Dragoon Disaster Response Robot

Dragoon in its intended operating environment

Overview

Dates: August 2020 to Present

The cornerstone of the Masters of Robotic Systems Development program is the MRSD Project. My group, HOWD-E Robotics (Hazardous Operations Within Disaster Environments) worked with Draper Laboratory to develop Dragoon, a room mapping and human detection robot intended to be deployed within collapsed building scenarios.

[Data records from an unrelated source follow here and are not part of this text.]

(* Assume $n>R$. Then, for every realization of the sample, $$\sup_{f\in\mathcal F}\big|U_\Omega(f)-\bar U_\Omega(f)\big|\le\frac{2\mathcal BR}{n-R}+\sum_{r=1}^R\widehat\rho_r\sup_{f\in\mathcal F}\left|U_{\Omega_r}(f)-\frac{1}{N!}\sum_{\pi\in\Pi}U_{\Omega_r^\pi}(f)\right|.$$
   Context: Setup: Let $\mathcal X$ be a measurable space, $R\ge2$, $\rho=(\rho_1,\dots,\rho_R)$ a probability vector with all $\rho_r>0$, and $\mathcal D_1,\dots,\mathcal D_R$ distributions on $\mathcal X$; $\bar{\mathcal D}:=\sum_r\rho_r\mathcal D_r$. A labeled sample consists of $N$ i.i.d. pairs $(X_j,Y_j)$ with $\mathbb P(Y_j=r)=\rho_r$ and $X_j\mid Y_j=r\sim\mathcal D_r$; $S=(X_1,\dots,X_N)$, $N_r=|\{j:Y_j=r\}|$, $\widehat\rho_r=N_r/N$. Fix an integer $k\ge1$. $\mathcal F$ is a class of maps $f:\mathcal X\to\mathbb R^d$, $\phi:\mathbb R^k\to\mathbb R_+$, and $\ell_{\phi,f}(x,x^+,x_1^-,\dots,x_k^-):=\phi\big((f(x)^\top[f(x^+)-f(x_i^-)])_{i=1}^k\big)$, with $0\le\ell_{\phi,f}\le\mathcal B$ for all $f\in\mathcal F$. Natural estimator: $\Omega_r$ is the set of index tuples $(a,b,c_1,\dots,c_k)$ of pairwise distinct indices in $[N]$ with $Y_a=Y_b=r$ (negatives $c_i$ arbitrary); $U_{\Omega_r}(f)$ is the average of $\ell_{\phi,f}(X_a,X_b,X_{c_1},\dots,X_{c_k})$ over $\Omega_r$ ($:=0$ if empty); $U_\Omega(f):=\sum_r\widehat\rho_rU_{\Omega_r}(f)$. Auxiliary estimator: $n:=2\lfloor N/(k+2)\rfloor$; $\Pi$ is the set of permutations of $[N]$; for $\pi\in\Pi$, $I_\pi=\{\pi(1),\dots,\pi(n)\}$, $n_r^\pi:=|\{j\in I_\pi:Y_j=r\}|$, $\Omega_r^\pi$ is the set of tuples $(a,b,c_1,\dots,c_k)$ of pairwise distinct indices with $a,b\in I_\pi$, $Y_a=Y_b=r$, $c_i\notin I_\pi$; $U_{\Omega_r^\pi}(f)$ is the corresponding average ($:=0$ if empty); $\omega_r^\pi:=\lfloor n_r^\pi/2\rfloor/\sum_q\lfloor n_q^\pi/2\rfloor$ ($:=0$ if denominator $0$); $\bar U_\Omega(f):=\frac1{N!}\sum_{\pi\in\Pi}\sum_r\omega_r^\pi U_{\Omega_r^\pi}(f)$. *)

theory Defs
  imports "HOL-Analysis.Analysis" "HOL-Combinatorics.Permutations"
begin

text \<open>Sample indices are 0-based: [N] is rendered as {0..<N}. Labels Y j take values in {1..R}.
  A negative tuple (c_1,...,c_k) is a list of length k.\<close>

definition loss :: "(real list \<Rightarrow> real) \<Rightarrow> ('x \<Rightarrow> 'v::euclidean_space) \<Rightarrow> 'x \<Rightarrow> 'x \<Rightarrow> 'x list \<Rightarrow> real" where
  "loss phi f x xp xs = phi (map (\<lambda>z. inner (f x) (f xp - f z)) xs)"

definition avg_loss :: "(real list \<Rightarrow> real) \<Rightarrow> ('x \<Rightarrow> 'v::euclidean_space) \<Rightarrow> (nat \<Rightarrow> 'x)
    \<Rightarrow> (nat \<times> nat \<times> nat list) set \<Rightarrow> real" where
  "avg_loss phi f X S = (if S = {} then 0 else
     (\<Sum>(a,b,c)\<in>S. loss phi f (X a) (X b) (map X c)) / real (card S))"

definition Omega_r :: "nat \<Rightarrow> nat \<Rightarrow> (nat \<Rightarrow> nat) \<Rightarrow> nat \<Rightarrow> (nat \<times> nat \<times> nat list) set" where
  "Omega_r N k Y r = {(a,b,c). a < N \<and> b < N \<and> length c = k \<and> set c \<subseteq> {0..<N}
      \<and> distinct (a # b # c) \<and> Y a = r \<and> Y b = r}"

definition rho_hat :: "nat \<Rightarrow> (nat \<Rightarrow> nat) \<Rightarrow> nat \<Rightarrow> real" where
  "rho_hat N Y r = real (card {j. j < N \<and> Y j = r}) / real N"
section \<open>Optimizing the exponent\<close>

lemma mult_exp_le_twice_sum:
  fixes D s :: real
  assumes D: "0 < D" and s: "0 \<le> s"
  shows "D * exp (3 * s / (2 * (D + s))) \<le> 2 * (D + s)"
proof -
  define z where "z = 3 * s / (4 * (D + s))"
  have z0: "0 \<le> z" unfolding z_def using D s by simp
  have z1: "z < 1" unfolding z_def using D s by (simp add: field_simps)
  have "1 - z \<le> exp (- z)" using exp_ge_add_one_self[of "-z"] by simp
  then have ez: "exp z \<le> 1 / (1 - z)" using z1 by (simp add: exp_minus field_simps)
  have Ds: "D + s \<noteq> 0" using D s by simp
  have gen: "\<And>X::real. X \<noteq> 0 \<Longrightarrow> 3 * s / (2 * X) = 3 * s / (4 * X) + 3 * s / (4 * X)"
    by (simp add: add_divide_distrib[symmetric])
  have zz: "3 * s / (2 * (D + s)) = z + z" unfolding z_def by (rule gen[OF Ds])
  have "exp (3 * s / (2 * (D + s))) = (exp z)\<^sup>2"
    unfolding zz exp_add by (simp add: power2_eq_square)
  also have "\<dots> \<le> (1 / (1 - z))\<^sup>2" using ez by (intro power_mono) auto
  also have "1 - z = (4 * D + s) / (4 * (D + s))" unfolding z_def using D s by (simp add: field_simps)
  finally have e: "exp (3 * s / (2 * (D + s))) \<le> (4 * (D + s) / (4 * D + s))\<^sup>2" by simp
  have "D * (4 * (D + s) / (4 * D + s))\<^sup>2 \<le> 2 * (D + s)"
  proof -
    have p: "0 < 4 * D + s" using D s by simp
    have h: "8 * D * (D + s) \<le> (4 * D + s)\<^sup>2" by (simp add: power2_eq_square algebra_simps)
    have h2: "2 * (D + s) * (8 * D * (D + s)) \<le> 2 * (D + s) * (4 * D + s)\<^sup>2"
      using h D s by (intro mult_left_mono) auto
    have eq: "2 * (D + s) * (8 * D * (D + s)) = D * (16 * (D + s)\<^sup>2)" by (simp add: power2_eq_square algebra_simps)
    have h3: "D * (16 * (D + s)\<^sup>2) \<le> (4 * D + s)\<^sup>2 * (2 * (D + s))" using h2 unfolding eq by (simp only: mult.commute)
    have eq2: "D * (4 * (D + s) / (4 * D + s))\<^sup>2 = D * (16 * (D + s)\<^sup>2) / (4 * D + s)\<^sup>2"
      by (simp add: power_divide power_mult_distrib power2_eq_square algebra_simps)
    have p2: "0 < (4 * D + s)\<^sup>2" using p by simp
    show ?thesis unfolding eq2 using h3 p2 by (simp add: divide_le_eq mult.commute)
  qed
  moreover have "D * exp (3 * s / (2 * (D + s))) \<le> D * (4 * (D + s) / (4 * D + s))\<^sup>2"
    using e D by (simp add: mult_left_mono)
  ultimately show ?thesis by linarith
qed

Performance Requirements of Dragoon

The system:

  • Will detect people in the room in real-time with less than 500ms latency
  • Will localise the detected people in robot’s field of view up to 8m away with no obfuscation and 3m away with obfuscation
  • Will work in minimum 150 lux low-visibility lighting, smoke obfuscation, and maximum 25% partial occlusion
  • Will visualise the room geometry, obstructions, humans, and robot pose in 2D to the user for up to 10m distance from the robot with an update rate of 0.5Hz
  • Will provide a live feed from the robot to the user for use of teleoperation with 10Hz data rate
  • Will be controlled remotely by the user in teleoperation with a tactile controller for up to 40m in range with line-of-sight
  • Will be powered by self-contained energy source to run for at least 20 minutes per full-charge
  • Will record mission and critical data logs of at least the last 20 minutes
Functional architecture that displays the relationships between Dragoon’s functional requirements.
Dragoon’s Cyber-Physical architecture describes the relationships between the physical and electronic aspects of the system.

My Role

All four members of the team work on many aspects of the Dragoon project. At the time of writing, my main areas of focus are electrical hardware design and validation, autonomy components and software architecture. I also worked on developing systems engineering architectures for the overall system, which are shown above.

Process

At the end of the spring semester 2021, the system is fully constructed and functioning. The video below describes our Spring Validation Demonstration, and details the performance and structure of the system.

Here are some pictures from the Gazebo simulation I’ve been working on in order to develop autonomous mobility capabilities.

After the Gazebo physics and controllers were developed, I could start mapping the environment using the LIDAR scans.

Using point clouds processed from the simulated LIDAR to create an occupancy grid. Note that on the real robot, these grids are produced by our online SLAM, which I am not using in the simulation for performance reasons.